De quoi s'agit-il ?
Vous examinez un vote sur un amendement lié à la protection des enfants dans les transports collectifs. Ce vote s’inscrit dans le cadre d’un projet de loi plus large visant à renforcer la sécurité des mineurs et des personnes vulnérables. L’amendement concernait spécifiquement les conducteurs de bus ou cars en contact avec ces publics.

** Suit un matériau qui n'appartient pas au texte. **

lemma degree_bound_of_budget:
  fixes a t q d :: real
  assumes budget: "a * ((1 - d) * q - 1) \<le> t * (q^2 - 1)"
    and d: "0 < d" "d \<le> 1/100" "4 \<le> d * q" and "0 \<le> t"
  shows "a \<le> t * q * (1 + 2*d)"
proof -
  have q: "400 \<le> q" using hundred_mult_le_of_le_mult[of 4 d q] d by simp
  have pos: "0 < (1 - d) * q - 1"
    using d q mult_right_mono[of "99/100" "1 - d" q] by linarith
  have "2 \<le> q * (d/2)" using d by (simp add: mult.commute)
  also have "\<dots> \<le> q * (d - 2*d*d)"
    using d q mult_left_mono[of d "1/100" d] by (intro mult_left_mono) auto
  finally have "1 + 2*d \<le> q * (d - 2*d*d)" using d by linarith
  then have "q * (1 + 2*d) \<le> q * (q * (d - 2*d*d))" using q by (intro mult_left_mono) auto
  then have "q^2 \<le> (q * (1 + 2*d)) * ((1 - d) * q - 1)"
    by (simp add: power2_eq_square algebra_simps)
  then have "t * q^2 \<le> t * ((q * (1 + 2*d)) * ((1 - d) * q - 1))"
    using \<open>0 \<le> t\<close> by (rule mult_left_mono)
  moreover have "a * ((1 - d) * q - 1) \<le> t * q^2"
    using budget \<open>0 \<le> t\<close> by (simp add: algebra_simps)
  ultimately have "a * ((1 - d) * q - 1) \<le> (t * q * (1 + 2*d)) * ((1 - d) * q - 1)"
    by (simp add: mult.assoc)
  then show ?thesis using pos by (rule mult_right_le_imp_le)
qed

lemma two_common_vertices_arith:
  fixes s q k n d :: real
  assumes s: "2 \<le> s" "s \<le> k / 8" and d: "0 < d" "d \<le> 1/100"
    and q: "0 \<le> q" "q < k + 1" and k: "300 \<le> k" and n: "k^2 - k + 2 \<le> n"
  shows "s * q * (1 + 2*d) + (k - s)^2 \<le> n - 3"
proof -
  have "s * q * (1 + 2*d) \<le> s * (k + 1) * (51/50)"
    using s d q by (intro mult_mono) auto
  moreover have "s * s \<le> s * (k / 8)" using s by (intro mult_left_mono) auto
  \<comment> \<open>after bounding s * s by s k / 8 the left-hand side is linear in s with negative slope,
    so s = 2 is the worst case\<close>
  moreover have "s * (51/50 - (2 - 1/8 - 51/50) * k) \<le> 2 * (51/50 - (2 - 1/8 - 51/50) * k)"
    using s k by (intro mult_right_mono_neg) auto
  ultimately show ?thesis using k n by (simp add: power2_eq_square algebra_simps)
qed

lemma one_common_vertex_arith:
  fixes q k n d :: real
  assumes d: "0 < d" "d \<le> 1/100" and q: "0 \<le> q" "q < k + 1"
    and k: "300 \<le> k" and n: "k^2 - k + 2 \<le> n"
  shows "q * (1 + 2*d) + (k - 2) * (k - 1) \<le> n - 3"
proof -
  have "q * (1 + 2*d) \<le> (k + 1) * (51/50)" using d q by (intro mult_mono) auto
  then show ?thesis using k n by (simp add: power2_eq_square algebra_simps)
qed

lemma full_edges_arith:
  fixes k d t n L :: real
  assumes k: "3 \<le> d * k" and d: "0 < d" "d \<le> 1/100" and t: "0 < t"
    and P: "k + 1 \<le> n - (k - 1)^2"
    and budget: "(k - 1) * L \<le> t * (n - 1) - 2 * (k - 1) + t / (8 * d) + t * (k + 1) / 4"
  shows "L < t * (n - (k - 1)^2) - 2"
proof (rule ccontr)
  define P where "P = n - (k - 1)^2"
  have "300 \<le> k" using hundred_mult_le_of_le_mult[of 3 d k] k d by simp
  assume "\<not> L < t * (n - (k - 1)^2) - 2"
  then have "(k - 1) * (t * P - 2) \<le> (k - 1) * L"
    using \<open>300 \<le> k\<close> unfolding P_def by (intro mult_left_mono) auto
  then have "(k - 2) * (t * P) \<le> t * (k * k - 2 * k) + t / (8 * d) + t * (k + 1) / 4"
    using budget by (simp add: P_def power2_eq_square algebra_simps)
  moreover have "(k - 2) * (t * (k + 1)) \<le> (k - 2) * (t * P)"
    using \<open>300 \<le> k\<close> t P unfolding P_def by (intro mult_left_mono) auto
  ultimately have "t * (k - 2) \<le> t * (1 / (8 * d) + (k + 1) / 4)"
    by (simp add: algebra_simps)
  then have "d * (k - 2) \<le> d * (1 / (8 * d) + (k + 1) / 4)"
    using t d by (intro mult_left_mono) auto
  also have "\<dots> = 1/8 + d * k / 4 + d / 4" using d by (simp add: field_simps)
  finally show False using k d by (simp add: right_diff_distrib)
qed

lemma mult_le_diff_3:
  fixes t x n :: real
  assumes "1 \<le> t" "x \<le> n - 3"
  shows "t * x \<le> t * n - 3"
  using assms mult_left_mono[of x "n - 3" t] by (simp add: algebra_simps)

lemma four_le_mult_sqrt:
  fixes \<delta> :: real and n0 n :: nat
  assumes "0 < \<delta>" "0 < n0" "1 / real n0 \<le> \<delta>^2 / 16" "n0 \<le> n"
  shows "4 \<le> \<delta> * sqrt n"
proof -
  have "16 \<le> \<delta>^2 * real n0" using assms by (simp add: field_simps)
  also have "\<dots> \<le> \<delta>^2 * real n" using assms by (intro mult_left_mono) auto
  finally have "4 \<le> sqrt (\<delta>^2 * real n)" by (intro real_le_rsqrt) simp
  also have "\<dots> = \<delta> * sqrt n" using assms by (simp add: real_sqrt_mult)
  finally show ?thesis .
qed

locale near_square_pair =
  fixes V :: "'v set" and E :: "'e set" and verts :: "'e \<Rightarrow> 'v set"
    and t k :: nat and \<delta> :: real and e f :: 'e
  assumes hypergraph: "hypergraph V E verts"
    and codegree: "codegree_at_most V E verts t"
    and large_edges: "\<And>g. g \<in> E \<Longrightarrow> (1 - \<delta>) * sqrt (card V) \<le> card (verts g)"
    and \<delta>_pos: "0 < \<delta>" and \<delta>_le: "\<delta> \<le> 1/100" and \<delta>_sqrt: "4 \<le> \<delta> * sqrt (card V)"
    and near_square: "k^2 + 2 \<le> card V + k" "card V \<le> k^2 + k + 1"
    and e: "e \<in> E" and f: "f \<in> E" and e_ne_f: "e \<noteq> f"
    and card_e: "card (verts e) \<le> k" and card_f: "card (verts f) \<le> k"
    and common_ne: "verts e \<inter> verts f \<noteq> {}"
begin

Le projet de loi traite de la protection des enfants en danger ou en situation de vulnérabilité. Vous pouvez consulter le dossier législatif complet ici.
Ce qui était proposé
L’amendement visait à élargir les contrôles judiciaires des conducteurs de transports collectifs (bus, cars) en contact avec des mineurs ou des majeurs vulnérables. Voici les changements concrets proposés :
- Remplacer le terme « habituel » par « permanent ou occasionnel » pour inclure tous les types de contacts, même ponctuels, avec des mineurs ou des personnes vulnérables.
- Supprimer l’obligation pour les collectivités locales de saisir elles-mêmes les autorités pour déclencher ces vérifications, afin de simplifier la procédure.
- Remplacer les contrôles « chaque année » par des vérifications « à intervalles réguliers », pour éviter une fréquence trop rigide.
- Étendre les vérifications aux conducteurs en contact avec des majeurs en situation de vulnérabilité, et pas seulement avec des mineurs.
Le résultat du vote
Cette mesure n’a pas été retenue : l’amendement a été rejeté par 61 voix contre, 22 pour et 5 abstentions. Le texte initial du projet de loi reste donc inchangé sur ce point.
Le débat
- Pour :
- Les partisans de l’amendement estimaient que les contrôles actuels étaient trop restrictifs (limités aux contacts « habituels ») et trop lents à mettre en place, faute de décret d’application. Ils soulignaient que les conducteurs en contact occasionnel avec des mineurs ou des personnes vulnérables devaient aussi être vérifiés.
- Ils proposaient d’aligner ce dispositif sur celui du secteur médico-social, déjà opérationnel, pour une mise en œuvre plus rapide.
- Contre :
- Les opposants à l’amendement considéraient que les modifications proposées affaiblissaient le cadre existant, notamment en remplaçant un contrôle annuel par des vérifications « à intervalles réguliers », jugées moins précises.
- Ils estimaient que supprimer l’obligation de saisine par les collectivités locales risquait de créer des doublons ou des incohérences dans les vérifications, sans garantie d’efficacité.
Qui est concerné ?
Cette décision concerne les conducteurs de transports collectifs (bus, cars) en contact avec des mineurs ou des majeurs vulnérables, ainsi que les collectivités locales chargées d’organiser ces transports. Le rejet de l’amendement signifie que les règles actuelles sur les vérifications judiciaires restent en vigueur, sans élargissement ni simplification.